(Data extracted from a collection)
□ □ □ □ □ □ □

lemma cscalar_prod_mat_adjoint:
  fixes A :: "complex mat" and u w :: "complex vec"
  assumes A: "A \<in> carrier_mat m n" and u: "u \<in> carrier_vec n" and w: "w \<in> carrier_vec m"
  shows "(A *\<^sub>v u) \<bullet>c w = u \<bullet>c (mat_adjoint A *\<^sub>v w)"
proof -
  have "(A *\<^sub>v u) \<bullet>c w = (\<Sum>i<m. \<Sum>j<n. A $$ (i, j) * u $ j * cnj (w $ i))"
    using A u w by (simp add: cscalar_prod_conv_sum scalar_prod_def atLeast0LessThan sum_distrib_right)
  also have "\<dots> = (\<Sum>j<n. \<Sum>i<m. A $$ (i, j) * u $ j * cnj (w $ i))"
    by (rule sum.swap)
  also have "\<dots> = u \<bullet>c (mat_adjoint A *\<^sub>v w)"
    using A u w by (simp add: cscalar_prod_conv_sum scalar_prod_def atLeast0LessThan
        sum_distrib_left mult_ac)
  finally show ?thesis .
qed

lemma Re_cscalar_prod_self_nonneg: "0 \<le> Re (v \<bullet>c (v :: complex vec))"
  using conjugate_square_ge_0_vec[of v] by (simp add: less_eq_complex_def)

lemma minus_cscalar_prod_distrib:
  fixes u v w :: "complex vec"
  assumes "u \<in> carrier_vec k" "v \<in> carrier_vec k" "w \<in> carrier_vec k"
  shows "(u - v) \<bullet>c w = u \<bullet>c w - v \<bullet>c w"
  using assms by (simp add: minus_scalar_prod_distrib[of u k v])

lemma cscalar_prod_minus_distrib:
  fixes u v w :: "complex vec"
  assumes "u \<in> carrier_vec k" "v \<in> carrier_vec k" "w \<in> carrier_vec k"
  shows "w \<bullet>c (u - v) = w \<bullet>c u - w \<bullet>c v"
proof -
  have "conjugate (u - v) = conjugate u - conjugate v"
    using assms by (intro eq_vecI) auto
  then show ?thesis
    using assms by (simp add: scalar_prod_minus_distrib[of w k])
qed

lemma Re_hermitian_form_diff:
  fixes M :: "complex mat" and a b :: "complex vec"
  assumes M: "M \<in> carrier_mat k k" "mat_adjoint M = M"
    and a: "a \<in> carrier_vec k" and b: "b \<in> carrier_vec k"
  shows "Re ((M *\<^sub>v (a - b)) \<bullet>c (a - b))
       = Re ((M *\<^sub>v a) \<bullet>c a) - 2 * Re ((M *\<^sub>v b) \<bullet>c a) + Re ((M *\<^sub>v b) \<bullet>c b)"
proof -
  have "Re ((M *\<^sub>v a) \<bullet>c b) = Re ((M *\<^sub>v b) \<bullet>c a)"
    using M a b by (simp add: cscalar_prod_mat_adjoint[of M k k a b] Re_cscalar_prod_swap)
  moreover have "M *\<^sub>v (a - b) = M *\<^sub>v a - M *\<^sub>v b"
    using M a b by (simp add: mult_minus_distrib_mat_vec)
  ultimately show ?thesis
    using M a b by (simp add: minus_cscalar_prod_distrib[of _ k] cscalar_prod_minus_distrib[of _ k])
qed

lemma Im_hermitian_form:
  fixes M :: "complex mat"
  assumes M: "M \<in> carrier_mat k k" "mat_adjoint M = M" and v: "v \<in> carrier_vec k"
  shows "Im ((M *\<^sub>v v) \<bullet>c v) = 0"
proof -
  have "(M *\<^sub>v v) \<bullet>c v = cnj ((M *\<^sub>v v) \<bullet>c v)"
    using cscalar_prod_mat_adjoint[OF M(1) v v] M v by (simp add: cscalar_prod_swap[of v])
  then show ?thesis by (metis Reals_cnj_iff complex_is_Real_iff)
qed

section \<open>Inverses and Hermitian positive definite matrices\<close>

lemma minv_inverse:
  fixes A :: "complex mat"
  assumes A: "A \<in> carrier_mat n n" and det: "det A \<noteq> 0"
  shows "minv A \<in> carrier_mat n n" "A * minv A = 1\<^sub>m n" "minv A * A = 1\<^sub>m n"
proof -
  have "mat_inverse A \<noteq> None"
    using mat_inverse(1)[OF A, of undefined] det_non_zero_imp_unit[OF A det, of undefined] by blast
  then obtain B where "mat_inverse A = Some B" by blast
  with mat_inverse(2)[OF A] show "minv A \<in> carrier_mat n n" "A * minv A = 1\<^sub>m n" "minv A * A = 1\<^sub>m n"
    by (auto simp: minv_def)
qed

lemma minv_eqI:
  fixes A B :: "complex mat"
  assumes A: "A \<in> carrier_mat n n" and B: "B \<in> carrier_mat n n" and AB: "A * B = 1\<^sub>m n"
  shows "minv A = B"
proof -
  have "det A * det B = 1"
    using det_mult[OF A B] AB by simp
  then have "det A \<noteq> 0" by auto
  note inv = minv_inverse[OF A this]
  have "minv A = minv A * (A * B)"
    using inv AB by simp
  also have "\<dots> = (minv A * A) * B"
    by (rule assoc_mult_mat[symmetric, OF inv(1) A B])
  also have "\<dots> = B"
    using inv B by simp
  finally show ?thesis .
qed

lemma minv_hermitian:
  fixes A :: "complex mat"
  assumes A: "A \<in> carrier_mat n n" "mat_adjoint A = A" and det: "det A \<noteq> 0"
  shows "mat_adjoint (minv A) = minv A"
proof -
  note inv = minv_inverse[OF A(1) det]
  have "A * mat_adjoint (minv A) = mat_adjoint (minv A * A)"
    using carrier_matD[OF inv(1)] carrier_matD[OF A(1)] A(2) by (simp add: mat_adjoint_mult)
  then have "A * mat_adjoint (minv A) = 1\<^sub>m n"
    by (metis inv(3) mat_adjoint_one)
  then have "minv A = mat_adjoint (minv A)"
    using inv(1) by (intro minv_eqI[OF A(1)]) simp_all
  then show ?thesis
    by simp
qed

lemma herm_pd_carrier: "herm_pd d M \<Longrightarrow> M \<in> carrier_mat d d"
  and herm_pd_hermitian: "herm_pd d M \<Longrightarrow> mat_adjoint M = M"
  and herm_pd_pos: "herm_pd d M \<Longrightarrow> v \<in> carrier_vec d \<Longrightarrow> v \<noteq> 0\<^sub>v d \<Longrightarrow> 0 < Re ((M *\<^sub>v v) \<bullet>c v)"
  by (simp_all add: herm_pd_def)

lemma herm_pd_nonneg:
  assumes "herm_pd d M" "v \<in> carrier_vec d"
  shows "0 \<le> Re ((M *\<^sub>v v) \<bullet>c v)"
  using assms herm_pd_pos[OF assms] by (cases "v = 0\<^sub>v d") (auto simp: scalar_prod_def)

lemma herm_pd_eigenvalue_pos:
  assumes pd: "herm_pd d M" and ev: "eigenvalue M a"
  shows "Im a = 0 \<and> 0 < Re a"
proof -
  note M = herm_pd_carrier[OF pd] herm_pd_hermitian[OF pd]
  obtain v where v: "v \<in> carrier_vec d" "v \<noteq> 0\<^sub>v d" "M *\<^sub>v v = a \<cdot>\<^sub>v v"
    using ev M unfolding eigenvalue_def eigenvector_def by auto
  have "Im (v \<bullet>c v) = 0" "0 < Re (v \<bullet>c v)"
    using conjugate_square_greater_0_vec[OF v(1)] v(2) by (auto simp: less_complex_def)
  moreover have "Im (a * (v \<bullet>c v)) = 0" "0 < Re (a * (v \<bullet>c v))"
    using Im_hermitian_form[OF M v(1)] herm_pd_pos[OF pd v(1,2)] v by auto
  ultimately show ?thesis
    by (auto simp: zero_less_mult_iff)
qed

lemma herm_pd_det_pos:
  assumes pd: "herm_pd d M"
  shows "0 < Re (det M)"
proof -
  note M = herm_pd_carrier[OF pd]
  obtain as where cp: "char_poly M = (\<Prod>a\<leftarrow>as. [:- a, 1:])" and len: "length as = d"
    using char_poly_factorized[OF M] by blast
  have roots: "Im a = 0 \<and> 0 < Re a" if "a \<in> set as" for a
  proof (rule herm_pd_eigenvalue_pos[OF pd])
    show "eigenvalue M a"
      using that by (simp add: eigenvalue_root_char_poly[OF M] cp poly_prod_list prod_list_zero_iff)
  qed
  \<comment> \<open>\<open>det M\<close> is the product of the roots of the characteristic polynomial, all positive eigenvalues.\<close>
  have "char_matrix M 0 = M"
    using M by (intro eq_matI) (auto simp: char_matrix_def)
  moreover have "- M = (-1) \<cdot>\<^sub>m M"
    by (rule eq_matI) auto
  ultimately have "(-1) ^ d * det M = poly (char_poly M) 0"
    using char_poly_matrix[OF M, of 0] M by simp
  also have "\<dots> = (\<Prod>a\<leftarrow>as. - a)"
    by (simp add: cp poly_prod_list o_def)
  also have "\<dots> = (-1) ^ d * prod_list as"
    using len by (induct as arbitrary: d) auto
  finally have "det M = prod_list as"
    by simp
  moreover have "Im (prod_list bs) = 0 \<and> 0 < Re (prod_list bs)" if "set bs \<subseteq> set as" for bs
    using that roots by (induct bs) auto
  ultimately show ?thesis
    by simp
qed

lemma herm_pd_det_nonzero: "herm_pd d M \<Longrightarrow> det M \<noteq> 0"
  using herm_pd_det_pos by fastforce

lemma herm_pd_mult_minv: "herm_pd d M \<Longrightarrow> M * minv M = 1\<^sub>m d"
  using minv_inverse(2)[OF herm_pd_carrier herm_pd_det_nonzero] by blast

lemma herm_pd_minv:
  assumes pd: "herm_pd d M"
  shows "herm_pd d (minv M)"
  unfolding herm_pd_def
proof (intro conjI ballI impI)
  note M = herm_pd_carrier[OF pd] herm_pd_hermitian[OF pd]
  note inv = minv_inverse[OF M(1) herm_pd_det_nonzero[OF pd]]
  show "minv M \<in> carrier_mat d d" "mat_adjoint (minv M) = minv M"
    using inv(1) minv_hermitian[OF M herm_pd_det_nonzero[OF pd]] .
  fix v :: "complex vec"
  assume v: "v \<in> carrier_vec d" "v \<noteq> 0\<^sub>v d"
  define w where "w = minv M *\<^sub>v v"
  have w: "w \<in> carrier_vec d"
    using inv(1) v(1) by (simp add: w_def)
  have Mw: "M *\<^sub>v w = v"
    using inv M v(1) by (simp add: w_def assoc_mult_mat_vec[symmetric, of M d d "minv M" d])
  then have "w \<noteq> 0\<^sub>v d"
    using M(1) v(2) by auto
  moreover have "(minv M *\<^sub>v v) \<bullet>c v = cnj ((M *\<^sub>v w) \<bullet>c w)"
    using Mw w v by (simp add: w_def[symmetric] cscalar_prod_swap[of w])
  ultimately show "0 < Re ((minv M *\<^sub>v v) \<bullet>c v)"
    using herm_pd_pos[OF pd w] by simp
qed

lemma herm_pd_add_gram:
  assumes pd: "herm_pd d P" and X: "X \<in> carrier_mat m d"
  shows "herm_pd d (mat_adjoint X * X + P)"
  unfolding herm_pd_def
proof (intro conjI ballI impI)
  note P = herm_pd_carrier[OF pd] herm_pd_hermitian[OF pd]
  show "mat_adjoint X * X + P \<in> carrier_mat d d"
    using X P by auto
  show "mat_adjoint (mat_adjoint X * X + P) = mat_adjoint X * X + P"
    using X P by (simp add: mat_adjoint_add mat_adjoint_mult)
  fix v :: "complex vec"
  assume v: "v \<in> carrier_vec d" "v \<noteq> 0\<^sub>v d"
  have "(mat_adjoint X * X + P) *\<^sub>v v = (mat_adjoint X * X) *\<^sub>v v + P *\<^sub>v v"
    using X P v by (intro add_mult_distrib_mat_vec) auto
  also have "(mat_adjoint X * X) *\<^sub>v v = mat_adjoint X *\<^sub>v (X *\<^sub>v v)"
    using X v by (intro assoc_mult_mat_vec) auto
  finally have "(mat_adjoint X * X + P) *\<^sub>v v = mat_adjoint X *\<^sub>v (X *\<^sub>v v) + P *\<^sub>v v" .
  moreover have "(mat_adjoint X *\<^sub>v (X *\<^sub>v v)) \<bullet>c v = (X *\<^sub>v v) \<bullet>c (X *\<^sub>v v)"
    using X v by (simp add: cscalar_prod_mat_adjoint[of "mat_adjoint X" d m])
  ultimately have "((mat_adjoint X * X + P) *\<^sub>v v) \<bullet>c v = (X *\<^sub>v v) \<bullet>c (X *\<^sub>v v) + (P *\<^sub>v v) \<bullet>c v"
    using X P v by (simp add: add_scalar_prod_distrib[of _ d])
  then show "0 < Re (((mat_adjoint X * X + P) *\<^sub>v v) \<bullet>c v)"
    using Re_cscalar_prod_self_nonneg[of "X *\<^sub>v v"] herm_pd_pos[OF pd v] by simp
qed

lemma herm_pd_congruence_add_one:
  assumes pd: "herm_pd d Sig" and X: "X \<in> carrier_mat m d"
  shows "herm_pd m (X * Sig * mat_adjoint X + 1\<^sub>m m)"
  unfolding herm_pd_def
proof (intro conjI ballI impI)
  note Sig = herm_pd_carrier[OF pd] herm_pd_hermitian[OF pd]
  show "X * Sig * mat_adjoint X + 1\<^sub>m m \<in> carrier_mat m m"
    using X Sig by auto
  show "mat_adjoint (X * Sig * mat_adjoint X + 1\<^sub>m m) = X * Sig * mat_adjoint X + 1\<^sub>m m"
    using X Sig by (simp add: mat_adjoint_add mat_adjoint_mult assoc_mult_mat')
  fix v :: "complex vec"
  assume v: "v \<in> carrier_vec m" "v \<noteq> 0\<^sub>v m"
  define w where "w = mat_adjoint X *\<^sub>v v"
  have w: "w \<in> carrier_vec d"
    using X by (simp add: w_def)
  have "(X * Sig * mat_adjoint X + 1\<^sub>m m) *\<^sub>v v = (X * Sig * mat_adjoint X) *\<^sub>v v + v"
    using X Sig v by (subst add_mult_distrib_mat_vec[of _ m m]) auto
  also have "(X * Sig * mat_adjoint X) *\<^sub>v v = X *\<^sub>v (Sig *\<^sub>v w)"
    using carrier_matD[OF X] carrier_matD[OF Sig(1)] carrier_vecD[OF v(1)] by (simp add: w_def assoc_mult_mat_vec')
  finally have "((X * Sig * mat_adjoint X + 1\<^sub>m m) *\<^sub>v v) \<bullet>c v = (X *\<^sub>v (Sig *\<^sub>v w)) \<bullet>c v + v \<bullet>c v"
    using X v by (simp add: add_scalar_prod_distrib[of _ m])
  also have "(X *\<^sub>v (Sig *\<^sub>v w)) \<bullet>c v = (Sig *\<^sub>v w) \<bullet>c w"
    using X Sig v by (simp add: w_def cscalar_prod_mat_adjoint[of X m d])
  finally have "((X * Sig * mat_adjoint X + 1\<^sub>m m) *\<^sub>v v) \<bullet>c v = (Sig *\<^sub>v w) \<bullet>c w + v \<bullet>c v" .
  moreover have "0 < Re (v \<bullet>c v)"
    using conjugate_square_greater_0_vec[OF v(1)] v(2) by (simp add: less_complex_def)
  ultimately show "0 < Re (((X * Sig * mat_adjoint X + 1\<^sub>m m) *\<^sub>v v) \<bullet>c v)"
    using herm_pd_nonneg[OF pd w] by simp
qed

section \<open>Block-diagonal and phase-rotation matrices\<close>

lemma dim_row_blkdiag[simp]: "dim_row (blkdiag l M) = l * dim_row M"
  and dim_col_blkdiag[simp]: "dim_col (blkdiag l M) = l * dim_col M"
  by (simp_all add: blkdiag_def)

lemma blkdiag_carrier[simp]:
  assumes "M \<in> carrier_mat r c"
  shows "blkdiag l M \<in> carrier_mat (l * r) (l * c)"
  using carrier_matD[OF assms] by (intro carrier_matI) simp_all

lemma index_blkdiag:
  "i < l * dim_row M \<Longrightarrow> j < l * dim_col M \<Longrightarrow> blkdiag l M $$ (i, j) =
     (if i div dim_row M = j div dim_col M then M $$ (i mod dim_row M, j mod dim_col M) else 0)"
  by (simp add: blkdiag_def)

□ □ □ □ □ □ □

**Brief:**
In these entries, some lines may contain the string "that". Give the number of such lines and nothing more.

**Response to this task:**
2